**What the exercise asks:** Check the listing below line by line and report how many lines hold "into", with no other words.

**Records supplied:**
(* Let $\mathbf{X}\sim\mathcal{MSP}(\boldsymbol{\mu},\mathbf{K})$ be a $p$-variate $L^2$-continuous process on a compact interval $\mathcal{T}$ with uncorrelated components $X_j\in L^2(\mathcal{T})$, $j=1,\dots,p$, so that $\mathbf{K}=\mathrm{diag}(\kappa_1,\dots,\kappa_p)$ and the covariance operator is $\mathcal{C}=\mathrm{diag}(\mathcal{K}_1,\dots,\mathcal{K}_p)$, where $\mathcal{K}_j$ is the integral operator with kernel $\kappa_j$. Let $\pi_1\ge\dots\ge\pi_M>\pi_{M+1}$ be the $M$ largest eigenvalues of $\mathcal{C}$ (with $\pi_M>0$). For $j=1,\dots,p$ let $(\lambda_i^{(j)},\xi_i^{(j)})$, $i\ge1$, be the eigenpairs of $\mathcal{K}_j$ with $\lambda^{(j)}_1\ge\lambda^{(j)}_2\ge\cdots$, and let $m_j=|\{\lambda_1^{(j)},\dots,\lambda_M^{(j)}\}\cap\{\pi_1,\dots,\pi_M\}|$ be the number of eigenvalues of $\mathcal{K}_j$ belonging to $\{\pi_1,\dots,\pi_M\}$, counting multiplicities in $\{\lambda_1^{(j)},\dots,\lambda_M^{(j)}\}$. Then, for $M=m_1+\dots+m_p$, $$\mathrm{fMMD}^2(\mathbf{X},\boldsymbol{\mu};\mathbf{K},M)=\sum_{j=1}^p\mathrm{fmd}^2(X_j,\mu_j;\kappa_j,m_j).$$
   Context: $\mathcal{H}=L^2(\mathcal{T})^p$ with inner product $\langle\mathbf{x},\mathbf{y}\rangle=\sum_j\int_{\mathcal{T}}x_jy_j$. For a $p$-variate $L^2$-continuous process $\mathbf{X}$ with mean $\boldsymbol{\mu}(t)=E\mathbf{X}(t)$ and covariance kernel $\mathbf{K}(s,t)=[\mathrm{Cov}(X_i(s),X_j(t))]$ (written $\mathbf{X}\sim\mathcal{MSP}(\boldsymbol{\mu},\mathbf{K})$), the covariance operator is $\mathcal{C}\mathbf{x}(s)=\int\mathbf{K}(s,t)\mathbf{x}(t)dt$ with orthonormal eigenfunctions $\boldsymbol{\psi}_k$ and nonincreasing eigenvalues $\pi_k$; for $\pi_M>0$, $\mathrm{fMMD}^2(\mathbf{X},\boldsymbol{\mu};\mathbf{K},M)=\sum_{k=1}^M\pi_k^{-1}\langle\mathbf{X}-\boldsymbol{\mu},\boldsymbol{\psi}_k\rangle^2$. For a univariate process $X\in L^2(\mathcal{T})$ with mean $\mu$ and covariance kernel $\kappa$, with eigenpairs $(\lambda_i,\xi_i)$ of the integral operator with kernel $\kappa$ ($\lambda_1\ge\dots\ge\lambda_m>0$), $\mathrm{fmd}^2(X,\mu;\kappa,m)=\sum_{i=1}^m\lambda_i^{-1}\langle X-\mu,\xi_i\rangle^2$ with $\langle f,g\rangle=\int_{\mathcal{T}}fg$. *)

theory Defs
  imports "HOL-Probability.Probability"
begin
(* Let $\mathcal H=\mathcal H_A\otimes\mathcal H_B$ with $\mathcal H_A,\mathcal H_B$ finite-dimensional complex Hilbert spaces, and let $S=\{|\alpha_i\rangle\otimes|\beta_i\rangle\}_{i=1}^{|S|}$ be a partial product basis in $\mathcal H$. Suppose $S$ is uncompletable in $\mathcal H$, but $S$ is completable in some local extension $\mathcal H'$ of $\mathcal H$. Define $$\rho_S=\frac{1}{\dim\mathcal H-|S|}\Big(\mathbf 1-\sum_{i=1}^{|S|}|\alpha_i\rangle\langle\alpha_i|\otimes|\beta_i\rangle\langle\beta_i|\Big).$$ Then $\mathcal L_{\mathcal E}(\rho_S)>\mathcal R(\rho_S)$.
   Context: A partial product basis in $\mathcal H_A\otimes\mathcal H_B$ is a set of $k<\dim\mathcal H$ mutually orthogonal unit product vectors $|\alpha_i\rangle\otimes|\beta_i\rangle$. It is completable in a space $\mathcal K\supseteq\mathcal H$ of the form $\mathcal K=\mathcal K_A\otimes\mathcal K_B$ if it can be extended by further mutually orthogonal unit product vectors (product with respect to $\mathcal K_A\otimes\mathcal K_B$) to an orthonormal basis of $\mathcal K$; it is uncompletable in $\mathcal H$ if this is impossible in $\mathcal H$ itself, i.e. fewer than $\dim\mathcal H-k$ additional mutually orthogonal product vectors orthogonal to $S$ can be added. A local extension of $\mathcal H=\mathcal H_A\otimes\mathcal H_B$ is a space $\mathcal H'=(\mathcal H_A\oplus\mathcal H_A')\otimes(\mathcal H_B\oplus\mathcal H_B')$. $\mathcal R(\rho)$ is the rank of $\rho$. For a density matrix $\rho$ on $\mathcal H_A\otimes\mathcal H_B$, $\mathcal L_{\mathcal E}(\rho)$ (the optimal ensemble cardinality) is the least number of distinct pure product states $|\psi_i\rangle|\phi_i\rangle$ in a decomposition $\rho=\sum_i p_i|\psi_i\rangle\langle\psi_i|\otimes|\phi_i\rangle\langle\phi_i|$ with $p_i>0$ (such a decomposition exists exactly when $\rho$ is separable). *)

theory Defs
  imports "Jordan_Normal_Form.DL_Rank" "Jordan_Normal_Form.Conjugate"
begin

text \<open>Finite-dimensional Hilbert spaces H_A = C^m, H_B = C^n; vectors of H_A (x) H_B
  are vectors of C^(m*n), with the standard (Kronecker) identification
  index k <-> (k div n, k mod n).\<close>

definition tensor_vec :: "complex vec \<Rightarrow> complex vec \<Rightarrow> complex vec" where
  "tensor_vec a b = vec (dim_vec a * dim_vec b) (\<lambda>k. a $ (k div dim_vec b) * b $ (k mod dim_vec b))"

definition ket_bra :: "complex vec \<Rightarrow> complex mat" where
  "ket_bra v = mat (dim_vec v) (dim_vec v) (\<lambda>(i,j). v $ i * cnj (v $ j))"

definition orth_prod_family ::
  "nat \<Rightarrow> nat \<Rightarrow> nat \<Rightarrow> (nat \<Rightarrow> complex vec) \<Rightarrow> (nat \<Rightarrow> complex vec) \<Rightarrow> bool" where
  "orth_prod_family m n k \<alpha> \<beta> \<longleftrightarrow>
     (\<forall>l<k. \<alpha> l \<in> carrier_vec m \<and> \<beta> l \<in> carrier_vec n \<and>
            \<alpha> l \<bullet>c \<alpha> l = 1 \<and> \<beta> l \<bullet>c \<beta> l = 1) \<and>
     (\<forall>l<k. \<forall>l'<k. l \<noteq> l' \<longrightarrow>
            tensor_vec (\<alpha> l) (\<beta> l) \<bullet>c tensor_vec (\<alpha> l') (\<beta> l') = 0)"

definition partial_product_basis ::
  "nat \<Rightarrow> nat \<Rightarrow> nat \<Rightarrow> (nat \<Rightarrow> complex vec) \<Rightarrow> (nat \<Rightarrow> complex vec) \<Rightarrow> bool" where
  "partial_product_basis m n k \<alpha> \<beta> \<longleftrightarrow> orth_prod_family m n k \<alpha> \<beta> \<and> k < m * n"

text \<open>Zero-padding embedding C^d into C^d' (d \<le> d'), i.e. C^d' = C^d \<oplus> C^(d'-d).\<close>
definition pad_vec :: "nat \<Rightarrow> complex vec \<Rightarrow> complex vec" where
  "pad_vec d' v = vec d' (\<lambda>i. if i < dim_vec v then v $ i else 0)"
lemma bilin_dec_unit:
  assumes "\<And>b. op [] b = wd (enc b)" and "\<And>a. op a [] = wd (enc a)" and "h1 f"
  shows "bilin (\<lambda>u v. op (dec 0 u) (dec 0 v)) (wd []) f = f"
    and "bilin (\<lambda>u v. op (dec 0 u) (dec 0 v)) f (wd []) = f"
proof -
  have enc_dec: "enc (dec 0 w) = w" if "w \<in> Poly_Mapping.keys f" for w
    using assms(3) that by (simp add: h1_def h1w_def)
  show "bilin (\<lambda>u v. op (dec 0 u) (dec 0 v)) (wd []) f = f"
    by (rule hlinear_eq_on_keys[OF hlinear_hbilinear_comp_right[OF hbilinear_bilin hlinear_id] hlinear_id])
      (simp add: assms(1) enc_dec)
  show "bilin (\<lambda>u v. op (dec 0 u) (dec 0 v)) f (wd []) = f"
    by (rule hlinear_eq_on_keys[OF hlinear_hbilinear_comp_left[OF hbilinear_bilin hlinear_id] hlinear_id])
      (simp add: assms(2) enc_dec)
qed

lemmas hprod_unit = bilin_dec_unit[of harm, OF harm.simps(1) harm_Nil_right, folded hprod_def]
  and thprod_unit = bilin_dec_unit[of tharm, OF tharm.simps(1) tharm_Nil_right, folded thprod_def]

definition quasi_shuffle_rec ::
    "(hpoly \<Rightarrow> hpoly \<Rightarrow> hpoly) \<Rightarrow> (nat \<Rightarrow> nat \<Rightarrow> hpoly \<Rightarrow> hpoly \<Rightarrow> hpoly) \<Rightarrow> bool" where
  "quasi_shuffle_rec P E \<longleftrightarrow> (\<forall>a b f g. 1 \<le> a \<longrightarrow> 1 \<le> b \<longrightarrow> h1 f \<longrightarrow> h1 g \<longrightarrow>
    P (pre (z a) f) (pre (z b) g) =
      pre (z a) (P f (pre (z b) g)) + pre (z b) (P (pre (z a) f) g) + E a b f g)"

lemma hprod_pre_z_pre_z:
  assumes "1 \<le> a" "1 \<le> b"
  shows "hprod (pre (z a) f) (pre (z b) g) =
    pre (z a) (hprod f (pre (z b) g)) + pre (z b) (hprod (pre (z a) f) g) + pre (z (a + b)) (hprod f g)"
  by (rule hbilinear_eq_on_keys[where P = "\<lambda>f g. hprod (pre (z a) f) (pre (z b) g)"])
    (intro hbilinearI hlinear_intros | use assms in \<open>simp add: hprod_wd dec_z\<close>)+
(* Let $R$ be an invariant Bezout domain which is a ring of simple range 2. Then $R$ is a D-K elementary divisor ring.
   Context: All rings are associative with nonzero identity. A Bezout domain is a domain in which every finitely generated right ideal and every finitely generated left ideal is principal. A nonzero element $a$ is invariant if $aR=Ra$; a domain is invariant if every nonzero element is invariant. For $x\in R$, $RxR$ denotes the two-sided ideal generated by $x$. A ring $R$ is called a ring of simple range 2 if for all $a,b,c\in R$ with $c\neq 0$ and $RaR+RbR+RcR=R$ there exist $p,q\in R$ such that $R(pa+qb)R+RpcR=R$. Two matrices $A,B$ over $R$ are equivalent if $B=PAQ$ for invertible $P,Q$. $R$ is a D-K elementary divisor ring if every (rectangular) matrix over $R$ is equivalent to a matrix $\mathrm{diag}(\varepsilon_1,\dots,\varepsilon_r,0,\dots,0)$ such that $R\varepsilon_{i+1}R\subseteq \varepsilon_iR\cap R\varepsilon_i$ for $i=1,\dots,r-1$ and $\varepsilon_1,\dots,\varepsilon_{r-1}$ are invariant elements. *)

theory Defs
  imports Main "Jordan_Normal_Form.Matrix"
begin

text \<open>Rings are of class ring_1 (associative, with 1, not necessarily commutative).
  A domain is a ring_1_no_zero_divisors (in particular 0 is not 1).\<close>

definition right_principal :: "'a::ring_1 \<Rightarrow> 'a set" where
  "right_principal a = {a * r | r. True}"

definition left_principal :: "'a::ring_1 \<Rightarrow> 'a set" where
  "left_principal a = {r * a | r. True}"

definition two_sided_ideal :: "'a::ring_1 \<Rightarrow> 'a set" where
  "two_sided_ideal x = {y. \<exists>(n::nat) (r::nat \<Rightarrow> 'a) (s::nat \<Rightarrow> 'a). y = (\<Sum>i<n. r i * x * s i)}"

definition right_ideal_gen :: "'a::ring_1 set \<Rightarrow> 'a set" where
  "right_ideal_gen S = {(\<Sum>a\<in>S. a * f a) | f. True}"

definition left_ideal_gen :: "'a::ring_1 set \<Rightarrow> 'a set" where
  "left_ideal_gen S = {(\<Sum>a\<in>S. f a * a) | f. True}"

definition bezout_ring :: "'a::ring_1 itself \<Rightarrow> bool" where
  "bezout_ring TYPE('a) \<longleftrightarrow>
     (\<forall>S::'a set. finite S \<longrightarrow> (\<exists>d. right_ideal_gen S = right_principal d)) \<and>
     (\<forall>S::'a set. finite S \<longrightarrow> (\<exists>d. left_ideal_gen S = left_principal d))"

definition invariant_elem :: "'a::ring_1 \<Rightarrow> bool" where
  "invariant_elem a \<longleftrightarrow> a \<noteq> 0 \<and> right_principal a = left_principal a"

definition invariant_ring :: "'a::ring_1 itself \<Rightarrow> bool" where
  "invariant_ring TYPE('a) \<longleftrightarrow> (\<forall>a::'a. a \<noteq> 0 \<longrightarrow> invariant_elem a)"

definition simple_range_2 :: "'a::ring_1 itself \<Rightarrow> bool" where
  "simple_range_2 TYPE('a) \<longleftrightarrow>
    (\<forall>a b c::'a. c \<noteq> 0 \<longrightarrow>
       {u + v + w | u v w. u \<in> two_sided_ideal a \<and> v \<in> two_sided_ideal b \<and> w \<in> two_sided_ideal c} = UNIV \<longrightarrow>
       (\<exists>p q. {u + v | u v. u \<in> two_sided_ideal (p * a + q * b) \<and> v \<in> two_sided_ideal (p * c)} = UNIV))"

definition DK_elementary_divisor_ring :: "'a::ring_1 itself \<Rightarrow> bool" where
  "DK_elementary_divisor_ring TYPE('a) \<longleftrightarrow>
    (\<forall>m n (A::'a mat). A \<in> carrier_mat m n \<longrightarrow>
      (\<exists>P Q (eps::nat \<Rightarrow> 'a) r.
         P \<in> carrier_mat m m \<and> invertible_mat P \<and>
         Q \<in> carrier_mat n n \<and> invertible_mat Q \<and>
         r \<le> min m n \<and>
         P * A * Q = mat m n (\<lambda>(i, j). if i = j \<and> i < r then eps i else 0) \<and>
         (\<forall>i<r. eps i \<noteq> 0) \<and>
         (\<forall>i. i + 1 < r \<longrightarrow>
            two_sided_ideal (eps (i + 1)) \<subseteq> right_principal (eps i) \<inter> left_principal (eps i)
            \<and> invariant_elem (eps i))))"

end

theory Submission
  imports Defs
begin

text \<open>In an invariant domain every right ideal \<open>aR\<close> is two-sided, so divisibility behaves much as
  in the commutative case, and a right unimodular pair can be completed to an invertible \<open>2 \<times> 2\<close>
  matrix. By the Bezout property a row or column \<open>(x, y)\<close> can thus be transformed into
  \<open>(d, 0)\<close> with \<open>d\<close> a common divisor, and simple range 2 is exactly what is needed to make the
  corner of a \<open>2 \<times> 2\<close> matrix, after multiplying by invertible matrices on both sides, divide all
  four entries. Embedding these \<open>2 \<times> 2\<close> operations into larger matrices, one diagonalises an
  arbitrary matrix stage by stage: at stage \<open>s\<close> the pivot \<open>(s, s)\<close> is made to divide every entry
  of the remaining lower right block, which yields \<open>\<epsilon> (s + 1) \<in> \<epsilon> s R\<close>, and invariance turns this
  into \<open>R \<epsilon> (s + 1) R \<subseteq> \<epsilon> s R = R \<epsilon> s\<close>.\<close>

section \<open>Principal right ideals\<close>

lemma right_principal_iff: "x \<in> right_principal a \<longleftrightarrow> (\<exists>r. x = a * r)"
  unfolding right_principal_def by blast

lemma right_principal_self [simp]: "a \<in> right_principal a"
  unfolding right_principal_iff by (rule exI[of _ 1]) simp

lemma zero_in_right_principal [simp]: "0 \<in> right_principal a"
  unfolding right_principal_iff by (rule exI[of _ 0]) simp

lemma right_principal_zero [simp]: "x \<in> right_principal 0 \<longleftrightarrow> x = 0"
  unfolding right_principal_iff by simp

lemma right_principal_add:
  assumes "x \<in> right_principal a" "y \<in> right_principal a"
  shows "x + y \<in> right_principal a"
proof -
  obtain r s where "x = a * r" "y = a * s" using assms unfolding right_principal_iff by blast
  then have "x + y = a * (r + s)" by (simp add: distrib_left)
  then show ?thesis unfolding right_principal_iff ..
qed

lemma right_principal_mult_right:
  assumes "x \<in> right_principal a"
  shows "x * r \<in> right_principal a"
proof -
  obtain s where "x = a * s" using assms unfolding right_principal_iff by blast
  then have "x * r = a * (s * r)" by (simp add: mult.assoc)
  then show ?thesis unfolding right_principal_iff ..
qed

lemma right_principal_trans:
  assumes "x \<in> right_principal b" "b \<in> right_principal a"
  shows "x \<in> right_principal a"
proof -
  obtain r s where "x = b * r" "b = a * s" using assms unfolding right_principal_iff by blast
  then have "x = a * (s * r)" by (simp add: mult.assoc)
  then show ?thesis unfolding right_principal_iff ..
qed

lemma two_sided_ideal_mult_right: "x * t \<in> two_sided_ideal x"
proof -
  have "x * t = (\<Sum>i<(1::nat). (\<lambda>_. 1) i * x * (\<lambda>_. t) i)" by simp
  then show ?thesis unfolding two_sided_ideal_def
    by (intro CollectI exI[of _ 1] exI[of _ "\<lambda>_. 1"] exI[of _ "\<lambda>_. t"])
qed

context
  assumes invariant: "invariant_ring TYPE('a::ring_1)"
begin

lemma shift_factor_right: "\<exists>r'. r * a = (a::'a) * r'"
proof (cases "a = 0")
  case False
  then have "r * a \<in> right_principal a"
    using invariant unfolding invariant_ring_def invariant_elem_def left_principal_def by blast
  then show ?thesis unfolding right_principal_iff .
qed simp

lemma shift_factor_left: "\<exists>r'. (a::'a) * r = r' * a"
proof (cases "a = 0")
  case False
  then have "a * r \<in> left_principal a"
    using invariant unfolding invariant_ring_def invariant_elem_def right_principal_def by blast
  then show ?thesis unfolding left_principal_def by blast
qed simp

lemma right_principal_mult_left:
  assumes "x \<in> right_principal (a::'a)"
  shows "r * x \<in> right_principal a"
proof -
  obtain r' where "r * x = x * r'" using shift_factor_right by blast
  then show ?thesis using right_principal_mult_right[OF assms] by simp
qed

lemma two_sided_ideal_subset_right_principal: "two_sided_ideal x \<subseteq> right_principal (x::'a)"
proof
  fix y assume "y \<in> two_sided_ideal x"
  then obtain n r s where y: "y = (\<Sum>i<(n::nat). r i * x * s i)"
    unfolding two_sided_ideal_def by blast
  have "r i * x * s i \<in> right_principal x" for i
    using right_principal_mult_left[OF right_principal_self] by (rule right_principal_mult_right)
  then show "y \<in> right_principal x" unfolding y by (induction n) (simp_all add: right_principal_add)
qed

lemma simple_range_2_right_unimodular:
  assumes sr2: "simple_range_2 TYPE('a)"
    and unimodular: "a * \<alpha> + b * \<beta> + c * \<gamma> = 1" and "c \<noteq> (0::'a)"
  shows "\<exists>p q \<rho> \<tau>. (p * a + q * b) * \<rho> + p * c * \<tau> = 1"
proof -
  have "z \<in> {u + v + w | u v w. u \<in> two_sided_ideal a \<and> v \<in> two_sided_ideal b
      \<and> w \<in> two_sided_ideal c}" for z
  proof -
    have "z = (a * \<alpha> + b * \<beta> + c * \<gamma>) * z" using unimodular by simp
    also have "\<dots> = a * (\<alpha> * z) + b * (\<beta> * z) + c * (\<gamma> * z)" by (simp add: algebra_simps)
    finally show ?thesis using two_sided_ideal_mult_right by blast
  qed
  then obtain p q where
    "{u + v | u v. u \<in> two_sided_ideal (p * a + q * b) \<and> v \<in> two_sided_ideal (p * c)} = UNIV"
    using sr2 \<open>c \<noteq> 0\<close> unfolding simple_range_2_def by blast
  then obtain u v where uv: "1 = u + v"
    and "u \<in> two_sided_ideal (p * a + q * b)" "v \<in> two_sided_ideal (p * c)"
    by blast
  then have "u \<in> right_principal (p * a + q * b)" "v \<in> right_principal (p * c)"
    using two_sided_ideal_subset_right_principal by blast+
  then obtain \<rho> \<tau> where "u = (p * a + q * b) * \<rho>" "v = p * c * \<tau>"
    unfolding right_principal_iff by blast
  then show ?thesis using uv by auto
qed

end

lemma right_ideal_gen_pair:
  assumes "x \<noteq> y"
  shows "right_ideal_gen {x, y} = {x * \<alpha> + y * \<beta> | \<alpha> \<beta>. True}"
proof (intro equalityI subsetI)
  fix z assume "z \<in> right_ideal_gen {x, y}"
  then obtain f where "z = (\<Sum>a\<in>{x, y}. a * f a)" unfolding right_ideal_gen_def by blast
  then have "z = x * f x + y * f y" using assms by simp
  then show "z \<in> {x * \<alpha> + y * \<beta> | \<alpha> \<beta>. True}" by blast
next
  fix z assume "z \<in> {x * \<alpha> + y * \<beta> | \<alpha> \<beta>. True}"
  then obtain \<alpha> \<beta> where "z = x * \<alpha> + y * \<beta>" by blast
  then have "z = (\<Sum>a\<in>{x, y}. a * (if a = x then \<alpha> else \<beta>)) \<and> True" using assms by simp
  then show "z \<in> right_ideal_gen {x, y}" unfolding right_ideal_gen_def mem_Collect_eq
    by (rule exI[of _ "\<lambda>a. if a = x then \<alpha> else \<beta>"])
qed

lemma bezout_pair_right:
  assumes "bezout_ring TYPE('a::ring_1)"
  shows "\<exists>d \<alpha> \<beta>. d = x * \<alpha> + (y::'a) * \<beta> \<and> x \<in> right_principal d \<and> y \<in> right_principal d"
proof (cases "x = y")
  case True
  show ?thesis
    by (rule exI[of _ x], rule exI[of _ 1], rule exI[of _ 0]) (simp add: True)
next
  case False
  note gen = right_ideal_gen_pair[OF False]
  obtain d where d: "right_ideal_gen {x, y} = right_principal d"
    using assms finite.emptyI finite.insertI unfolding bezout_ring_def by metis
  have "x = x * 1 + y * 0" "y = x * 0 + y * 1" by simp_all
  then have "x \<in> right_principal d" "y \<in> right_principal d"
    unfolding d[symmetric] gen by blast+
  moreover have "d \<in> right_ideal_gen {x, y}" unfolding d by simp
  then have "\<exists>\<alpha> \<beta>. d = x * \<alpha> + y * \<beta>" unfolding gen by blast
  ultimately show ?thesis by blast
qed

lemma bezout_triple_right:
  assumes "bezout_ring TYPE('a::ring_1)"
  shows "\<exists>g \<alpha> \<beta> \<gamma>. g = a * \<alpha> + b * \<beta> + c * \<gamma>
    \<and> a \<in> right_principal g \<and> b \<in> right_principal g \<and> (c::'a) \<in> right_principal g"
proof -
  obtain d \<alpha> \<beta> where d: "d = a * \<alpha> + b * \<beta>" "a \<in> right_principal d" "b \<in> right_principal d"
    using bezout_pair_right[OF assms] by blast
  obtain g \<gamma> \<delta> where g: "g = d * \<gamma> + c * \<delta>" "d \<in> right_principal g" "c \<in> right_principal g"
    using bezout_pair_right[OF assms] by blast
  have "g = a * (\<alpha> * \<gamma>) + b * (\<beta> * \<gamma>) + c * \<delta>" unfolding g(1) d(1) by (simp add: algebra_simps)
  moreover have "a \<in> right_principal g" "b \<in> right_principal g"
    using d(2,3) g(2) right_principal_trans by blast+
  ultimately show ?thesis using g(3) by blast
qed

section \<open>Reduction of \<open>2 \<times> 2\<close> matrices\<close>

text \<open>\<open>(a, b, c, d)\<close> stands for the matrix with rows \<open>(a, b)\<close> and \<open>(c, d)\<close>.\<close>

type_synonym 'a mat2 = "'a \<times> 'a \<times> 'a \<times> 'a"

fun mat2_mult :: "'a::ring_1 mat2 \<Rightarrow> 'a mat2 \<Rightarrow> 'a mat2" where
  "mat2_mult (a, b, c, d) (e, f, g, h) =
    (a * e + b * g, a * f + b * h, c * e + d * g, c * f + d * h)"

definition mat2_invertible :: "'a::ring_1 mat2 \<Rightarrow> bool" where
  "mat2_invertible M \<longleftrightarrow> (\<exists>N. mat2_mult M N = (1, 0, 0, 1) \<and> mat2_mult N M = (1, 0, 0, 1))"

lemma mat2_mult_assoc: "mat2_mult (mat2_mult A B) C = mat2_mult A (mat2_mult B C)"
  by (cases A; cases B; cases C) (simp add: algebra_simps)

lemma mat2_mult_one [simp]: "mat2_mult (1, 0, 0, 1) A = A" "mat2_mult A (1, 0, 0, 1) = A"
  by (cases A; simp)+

**Answer to the problem:** 4